§ What is required: Return each of the entries below precisely as it appears.

#### Records provided

(* Let $(\mathbb{X},\oplus,\otimes,\mathbb{0},\mathbb{1})$ be a linearly ordered, algebraically complete idempotent semifield, and let $\bm{A}\in\mathbb{X}^{n\times n}$ be a reciprocal matrix (i.e. $\bm{A}^{-}=\bm{A}$) with no zero entries, with spectral radius $\lambda$, and let $\bm{A}_{\lambda}=\lambda^{-1}\bm{A}$. Consider the problem of minimizing $d(\bm{A},\bm{x}\bm{x}^{-})$ over all regular vectors $\bm{x}\in\mathbb{X}^{n}$. Then the minimum value equals $\lambda$, and the set of all solutions is $\{\bm{x}=\bm{A}_{\lambda}^{\ast}\bm{u}: \bm{u}\in\mathbb{X}^n,\ \bm{u}\neq\bm{0}\}$.
   Context: An idempotent semifield is a set $\mathbb{X}$ with associative, commutative operations $\oplus$ (addition) and $\otimes$ (multiplication, usually omitted in writing) with neutral elements $\mathbb{0}$ and $\mathbb{1}$, multiplication distributing over addition, idempotent addition ($x\oplus x=x$), and every nonzero $x$ having an inverse $x^{-1}$ with $xx^{-1}=\mathbb{1}$. It is assumed linearly ordered by the order $x\le y \iff x\oplus y=y$, and algebraically complete: $x^p=a$ is solvable for every $a$ and integer $p>0$, so rational powers are defined. Matrix and vector operations use the usual formulas with $\oplus,\otimes$ in place of $+,\times$; $\bm{0}$ is the zero vector; a vector is regular if it has no zero entries. For a nonzero column vector $\bm{x}=(x_i)$, $\bm{x}^{-}$ is the row vector with entries $x_i^{-1}$ if $x_i\ne\mathbb{0}$ and $\mathbb{0}$ otherwise. For a nonzero matrix $\bm{A}=(a_{ij})$, $\bm{A}^{-}=(a^{-}_{ij})$ with $a^{-}_{ij}=a_{ji}^{-1}$ if $a_{ji}\neq\mathbb{0}$ and $\mathbb{0}$ otherwise. The trace is $\mathrm{tr}\,\bm{A}=a_{11}\oplus\cdots\oplus a_{nn}$. The distance between square matrices is $d(\bm{A},\bm{B})=\mathrm{tr}(\bm{B}^{-}\bm{A})\oplus\mathrm{tr}(\bm{A}^{-}\bm{B})$. $\bm{I}$ is the identity matrix, $\bm{A}^0=\bm{I}$, $\bm{A}^p=\bm{A}^{p-1}\bm{A}$. The spectral radius of $\bm{A}$ of order $n$ is $\lambda=\bigoplus_{k=1}^{n}\bigoplus_{1\le i_1,\ldots,i_k\le n}(a_{i_1i_2}a_{i_2i_3}\cdots a_{i_ki_1})^{1/k}$. For a square matrix $\bm{M}$ of order $n$, $\bm{M}^{\ast}=\bm{I}\oplus\bm{M}\oplus\cdots\oplus\bm{M}^{n-1}$. *)

theory Defs
  imports Main "HOL-Library.Cardinality"
begin

text \<open>Addition is the idempotent sum (oplus), multiplication is otimes,
  0 and 1 are the neutral elements, the order is x \<le> y iff x + y = y,
  inverse is the multiplicative inverse (with inverse 0 = 0 by convention).\<close>
class idem_semifield = comm_semiring_1 + linorder + inverse +
  assumes add_idem: "x + x = x"
    and le_iff_add: "x \<le> y \<longleftrightarrow> x + y = y"
    and right_inverse: "x \<noteq> 0 \<Longrightarrow> x * inverse x = 1"
    and inverse_zero: "inverse 0 = 0"
    and alg_complete: "0 < p \<Longrightarrow> \<exists>x. x ^ p = a"

definition root :: "nat \<Rightarrow> 'a::idem_semifield \<Rightarrow> 'a" where
  "root k a = (SOME x. x ^ k = a)"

########

§ Worked solution:
(* Let $(\mathbb{X},\oplus,\otimes,\mathbb{0},\mathbb{1})$ be a linearly ordered, algebraically complete idempotent semifield, and let $\bm{A}\in\mathbb{X}^{n\times n}$ be a reciprocal matrix (i.e. $\bm{A}^{-}=\bm{A}$) with no zero entries, with spectral radius $\lambda$, and let $\bm{A}_{\lambda}=\lambda^{-1}\bm{A}$. Consider the problem of minimizing $d(\bm{A},\bm{x}\bm{x}^{-})$ over all regular vectors $\bm{x}\in\mathbb{X}^{n}$. Then the minimum value equals $\lambda$, and the set of all solutions is $\{\bm{x}=\bm{A}_{\lambda}^{\ast}\bm{u}: \bm{u}\in\mathbb{X}^n,\ \bm{u}\neq\bm{0}\}$.
   Context: An idempotent semifield is a set $\mathbb{X}$ with associative, commutative operations $\oplus$ (addition) and $\otimes$ (multiplication, usually omitted in writing) with neutral elements $\mathbb{0}$ and $\mathbb{1}$, multiplication distributing over addition, idempotent addition ($x\oplus x=x$), and every nonzero $x$ having an inverse $x^{-1}$ with $xx^{-1}=\mathbb{1}$. It is assumed linearly ordered by the order $x\le y \iff x\oplus y=y$, and algebraically complete: $x^p=a$ is solvable for every $a$ and integer $p>0$, so rational powers are defined. Matrix and vector operations use the usual formulas with $\oplus,\otimes$ in place of $+,\times$; $\bm{0}$ is the zero vector; a vector is regular if it has no zero entries. For a nonzero column vector $\bm{x}=(x_i)$, $\bm{x}^{-}$ is the row vector with entries $x_i^{-1}$ if $x_i\ne\mathbb{0}$ and $\mathbb{0}$ otherwise. For a nonzero matrix $\bm{A}=(a_{ij})$, $\bm{A}^{-}=(a^{-}_{ij})$ with $a^{-}_{ij}=a_{ji}^{-1}$ if $a_{ji}\neq\mathbb{0}$ and $\mathbb{0}$ otherwise. The trace is $\mathrm{tr}\,\bm{A}=a_{11}\oplus\cdots\oplus a_{nn}$. The distance between square matrices is $d(\bm{A},\bm{B})=\mathrm{tr}(\bm{B}^{-}\bm{A})\oplus\mathrm{tr}(\bm{A}^{-}\bm{B})$. $\bm{I}$ is the identity matrix, $\bm{A}^0=\bm{I}$, $\bm{A}^p=\bm{A}^{p-1}\bm{A}$. The spectral radius of $\bm{A}$ of order $n$ is $\lambda=\bigoplus_{k=1}^{n}\bigoplus_{1\le i_1,\ldots,i_k\le n}(a_{i_1i_2}a_{i_2i_3}\cdots a_{i_ki_1})^{1/k}$. For a square matrix $\bm{M}$ of order $n$, $\bm{M}^{\ast}=\bm{I}\oplus\bm{M}\oplus\cdots\oplus\bm{M}^{n-1}$. *)

theory Defs
  imports Main "HOL-Library.Cardinality"
begin

text \<open>Addition is the idempotent sum (oplus), multiplication is otimes,
  0 and 1 are the neutral elements, the order is x \<le> y iff x + y = y,
  inverse is the multiplicative inverse (with inverse 0 = 0 by convention).\<close>
class idem_semifield = comm_semiring_1 + linorder + inverse +
  assumes add_idem: "x + x = x"
    and le_iff_add: "x \<le> y \<longleftrightarrow> x + y = y"
    and right_inverse: "x \<noteq> 0 \<Longrightarrow> x * inverse x = 1"
    and inverse_zero: "inverse 0 = 0"
    and alg_complete: "0 < p \<Longrightarrow> \<exists>x. x ^ p = a"

definition root :: "nat \<Rightarrow> 'a::idem_semifield \<Rightarrow> 'a" where
  "root k a = (SOME x. x ^ k = a)"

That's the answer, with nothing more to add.